> **Task goal**
Where the data below has the string "longleftrightarrow", return the whole line.
⟨
lemma
  assumes p: "p \<in> prob_simplex n" and q: "q \<in> prob_simplex n"
    and opt: "\<And>p'. p' \<in> prob_simplex n \<Longrightarrow> J p' \<le> J q"
  shows integrable_ratio_if_optimal: "integrable M (ratio p q)"
    and expectation_ratio_le_if_optimal: "expectation (ratio p q) \<le> 1 + mean_gain p q"
proof -
  define Y where "Y \<omega> = ratio p q \<omega> - 1" for \<omega>
  define t where "t k = inverse (real (Suc k)) / 2" for k
  \<comment> \<open>\<open>t k * f k \<le> ln (1 + t k * Y)\<close>, and \<open>f k\<close> is bounded below, so Fatou's lemma applies\<close>
  define f where "f k \<omega> = Y \<omega> / (1 + t k * Y \<omega>)" for k \<omega>
  have t: "0 < t k" "t k \<le> 1/2" for k
    by (auto simp: t_def field_simps)
  have Y_ge: "-1 \<le> Y \<omega>" for \<omega>
    using ratio_pos[OF p q] by (simp add: Y_def less_imp_le)
  note f_bounds = difference_quotient_ln_bounds[OF t Y_ge, folded f_def]
  have f_meas: "f k \<in> borel_measurable M" for k
    unfolding f_def Y_def using borel_measurable_ratio by measurable
  have f_int: "integrable M (f k)" for k
  proof (rule integrable_const_bound[OF AE_I2 f_meas])
    show "norm (f k \<omega>) \<le> 2 + 1 / t k" for \<omega>
      using f_bounds(1,2)[of k \<omega>] t(1)[of k] by (simp add: abs_le_iff add_increasing2)
  qed
  have f_le: "expectation (f k) \<le> mean_gain p q" for k
  proof -
    have comb: "(\<lambda>i. q i + t k * (p i - q i)) \<in> prob_simplex n"
      using t[of k] by (intro convex_comb_in_prob_simplex p q) auto
    have "t k * expectation (f k) = expectation (\<lambda>\<omega>. t k * f k \<omega>)" by simp
    also have "\<dots> \<le> expectation (\<lambda>\<omega>. ln (1 + t k * Y \<omega>))"
      using f_int f_bounds(3) integrable_ln_ratio_affine_comb[OF p q comb]
      by (intro integral_mono) (auto simp: Y_def)
    also have "\<dots> = J (\<lambda>i. q i + t k * (p i - q i)) - J q + t k * mean_gain p q"
      using J_affine_comb_diff[OF p q comb] by (simp add: Y_def)
    also have "\<dots> \<le> t k * mean_gain p q"
      using opt[OF comb] by simp
    finally show ?thesis using t[of k] by simp
  qed
  have "(\<lambda>k. f k \<omega>) \<longlonglongrightarrow> Y \<omega> / (1 + 0 * Y \<omega>)" for \<omega>
    unfolding f_def t_def by (intro tendsto_intros tendsto_divide_zero LIMSEQ_inverse_real_of_nat) simp
  then have "integrable M Y" "expectation Y \<le> mean_gain p q"
    using integrable_limit_bounded_below[where f = f and b = "-2" and g = Y and c = "mean_gain p q"]
      f_int f_bounds(1) f_le by auto
  moreover have "ratio p q = (\<lambda>\<omega>. Y \<omega> + 1)"
    by (simp add: Y_def)
  ultimately show "integrable M (ratio p q)" "expectation (ratio p q) \<le> 1 + mean_gain p q"
    by (simp_all add: prob_space)
qed

lemma expectation_ratio_ge_if_optimal:
  assumes p: "p \<in> prob_simplex n" and q: "q \<in> prob_simplex n"
    and opt: "\<And>p'. p' \<in> prob_simplex n \<Longrightarrow> J p' \<le> J q"
    and sub: "supp n p \<subseteq> supp n q"
  shows "1 + mean_gain p q \<le> expectation (ratio p q)"
proof -
  obtain C where C: "1 \<le> C" and dom: "\<And>i. i < n \<Longrightarrow> p i \<le> C * q i"
    using dominated_if_supp_subset[OF p q sub] by blast
  have int: "integrable M (ratio p q)"
    using integrable_ratio_if_optimal[OF p q opt] .
  have ratio_le: "ratio p q \<omega> \<le> C" for \<omega>
    using wealth_le_if_dominated[OF dom] wealth_pos[OF q] by (simp add: ratio_def divide_le_eq)
  have abs_le: "\<bar>ratio p q \<omega> - 1\<bar> \<le> C" for \<omega>
    using ratio_le[of \<omega>] ratio_pos[OF p q, of \<omega>] C by (simp add: abs_le_iff)
  have "1 + mean_gain p q - expectation (ratio p q) \<le> 2 * C\<^sup>2 * s"
    if s: "0 < s" "s \<le> 1 / (2 * C)" for s
  proof -
    have sC: "s * C \<le> 1/2" using s C by (simp add: field_simps)
    have comb: "(\<lambda>i. q i + (-s) * (p i - q i)) \<in> prob_simplex n"
    proof (rule affine_comb_in_prob_simplex[OF p q])
      fix i assume i: "i < n"
      have "s * p i \<le> (s * C) * q i" using dom[OF i] s by (simp add: mult.assoc mult_left_mono)
      also have "\<dots> \<le> q i" using sC C s prob_simplex_nonneg[OF q i] by (simp add: mult_left_le_one_le)
      finally have "s * p i \<le> q i" .
      moreover have "0 \<le> s * q i" using s prob_simplex_nonneg[OF q i] by simp
      ultimately show "0 \<le> q i + (-s) * (p i - q i)" by (simp add: algebra_simps)
    qed
    have pointwise: "-s * (ratio p q \<omega> - 1) - 2 * s\<^sup>2 * C\<^sup>2 \<le> ln (1 + (-s) * (ratio p q \<omega> - 1))" for \<omega>
    proof -
      have small: "\<bar>(-s) * (ratio p q \<omega> - 1)\<bar> \<le> s * C"
        using abs_le[of \<omega>] s by (simp add: abs_mult mult_left_mono)
      then have "-1/2 \<le> (-s) * (ratio p q \<omega> - 1)"
        using sC by (simp only: abs_le_iff) linarith
      moreover have "\<bar>(-s) * (ratio p q \<omega> - 1)\<bar>\<^sup>2 \<le> (s * C)\<^sup>2"
        using small by (intro power_mono) auto
      then have "((-s) * (ratio p q \<omega> - 1))\<^sup>2 \<le> s\<^sup>2 * C\<^sup>2"
        by (simp add: power_mult_distrib)
      ultimately show ?thesis
        using ln_one_plus_ge_quadratic[of "(-s) * (ratio p q \<omega> - 1)"] by simp
    qed
    have "-s * (expectation (ratio p q) - 1) - 2 * s\<^sup>2 * C\<^sup>2
        = expectation (\<lambda>\<omega>. -s * (ratio p q \<omega> - 1) - 2 * s\<^sup>2 * C\<^sup>2)"
      using int by (simp add: prob_space)
    also have "\<dots> \<le> expectation (\<lambda>\<omega>. ln (1 + (-s) * (ratio p q \<omega> - 1)))"
      using int integrable_ln_ratio_affine_comb[OF p q comb] pointwise by (intro integral_mono) auto
    also have "\<dots> \<le> -s * mean_gain p q"
      using J_affine_comb_diff[OF p q comb] opt[OF comb] by simp
    finally have "s * (1 + mean_gain p q - expectation (ratio p q)) \<le> s * (2 * C\<^sup>2 * s)"
      by (simp add: algebra_simps power2_eq_square)
    then show ?thesis using s by simp
  qed
  then have "1 + mean_gain p q - expectation (ratio p q) \<le> 0"
    using C by (intro nonpos_if_le_linear_near_zero[of "1 / (2 * C)"]) auto
  then show ?thesis by simp
qed

theorem optimal_iff_nn_integral_ratio:
  assumes q: "q \<in> prob_simplex n"
  shows "(\<forall>p\<in>prob_simplex n. J p \<le> J q) \<longleftrightarrow>
    (\<forall>p\<in>prob_simplex n. (\<integral>\<^sup>+\<omega>. ennreal (ratio p q \<omega>) \<partial>M) \<le> ennreal (1 + mean_gain p q)) \<and>
    (\<forall>p\<in>prob_simplex n. supp n p \<subseteq> supp n q \<longrightarrow>
       (\<integral>\<^sup>+\<omega>. ennreal (ratio p q \<omega>) \<partial>M) = ennreal (1 + mean_gain p q))"
  (is "?opt \<longleftrightarrow> ?le \<and> ?eq")
proof
  assume opt: ?opt
  have nn: "(\<integral>\<^sup>+\<omega>. ennreal (ratio p q \<omega>) \<partial>M) = ennreal (expectation (ratio p q))"
    if "p \<in> prob_simplex n" for p
    using nn_integral_ratio integrable_ratio_if_optimal that q opt by blast
  show "?le \<and> ?eq"
  proof (intro conjI ballI impI)
    fix p assume p: "p \<in> prob_simplex n"
    have le: "expectation (ratio p q) \<le> 1 + mean_gain p q"
      using expectation_ratio_le_if_optimal[OF p q] opt by blast
    then show "(\<integral>\<^sup>+\<omega>. ennreal (ratio p q \<omega>) \<partial>M) \<le> ennreal (1 + mean_gain p q)"
      unfolding nn[OF p] by (rule ennreal_leI)
    assume "supp n p \<subseteq> supp n q"
    then have "1 + mean_gain p q \<le> expectation (ratio p q)"
      using expectation_ratio_ge_if_optimal[OF p q] opt by blast
    with le show "(\<integral>\<^sup>+\<omega>. ennreal (ratio p q \<omega>) \<partial>M) = ennreal (1 + mean_gain p q)"
      unfolding nn[OF p] by simp
  qed
next
  assume "?le \<and> ?eq"
  then show ?opt using J_le_if_nn_integral_ratio_le[OF _ q] by blast
qed

end

theorem mainTheorem19:
  fixes M :: "'a measure" and r :: "'a \<Rightarrow> nat \<Rightarrow> real" and n :: nat
    and pstar :: "nat \<Rightarrow> real"
  assumes "prob_space M"
    and "n \<ge> 2"
    and "\<And>i. i < n \<Longrightarrow> integrable M (\<lambda>\<omega>. r \<omega> i)"
    and "pstar \<in> prob_simplex n"
  defines "m \<equiv> (\<lambda>i. integral\<^sup>L M (\<lambda>\<omega>. r \<omega> i))"
    and "J \<equiv> (\<lambda>p. integral\<^sup>L M (\<lambda>\<omega>. gamma n p (r \<omega>)))"
  shows "(\<forall>p\<in>prob_simplex n. J p \<le> J pstar) \<longleftrightarrow>
         ((\<forall>p\<in>prob_simplex n.
             (\<integral>\<^sup>+ \<omega>. ennreal ((\<Sum>i<n. p i * exp (r \<omega> i)) / (\<Sum>i<n. pstar i * exp (r \<omega> i))) \<partial>M)
               \<le> ennreal (1 + (\<Sum>i<n. (p i - pstar i) * m i))) \<and>
          (\<forall>p\<in>prob_simplex n. supp n p \<subseteq> supp n pstar \<longrightarrow>
             (\<integral>\<^sup>+ \<omega>. ennreal ((\<Sum>i<n. p i * exp (r \<omega> i)) / (\<Sum>i<n. pstar i * exp (r \<omega> i))) \<partial>M)
               = ennreal (1 + (\<Sum>i<n. (p i - pstar i) * m i))))"
proof -
  interpret P: log_portfolio M r n
    using assms(1,3) by (simp add: log_portfolio_def log_portfolio_axioms_def)
  show ?thesis
    using P.optimal_iff_nn_integral_ratio[OF assms(4)]
    by (simp add: J_def m_def P.J_def P.mean_gain_def P.ratio_def wealth_def)
qed

end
⟩
> **Response to this task**
  shows "(\<forall>p\<in>prob_simplex n. J p \<le> J q) \<longleftrightarrow>
  (is "?opt \<longleftrightarrow> ?le \<and> ?eq")
  shows "(\<forall>p\<in>prob_simplex n. J p \<le> J pstar) \<longleftrightarrow>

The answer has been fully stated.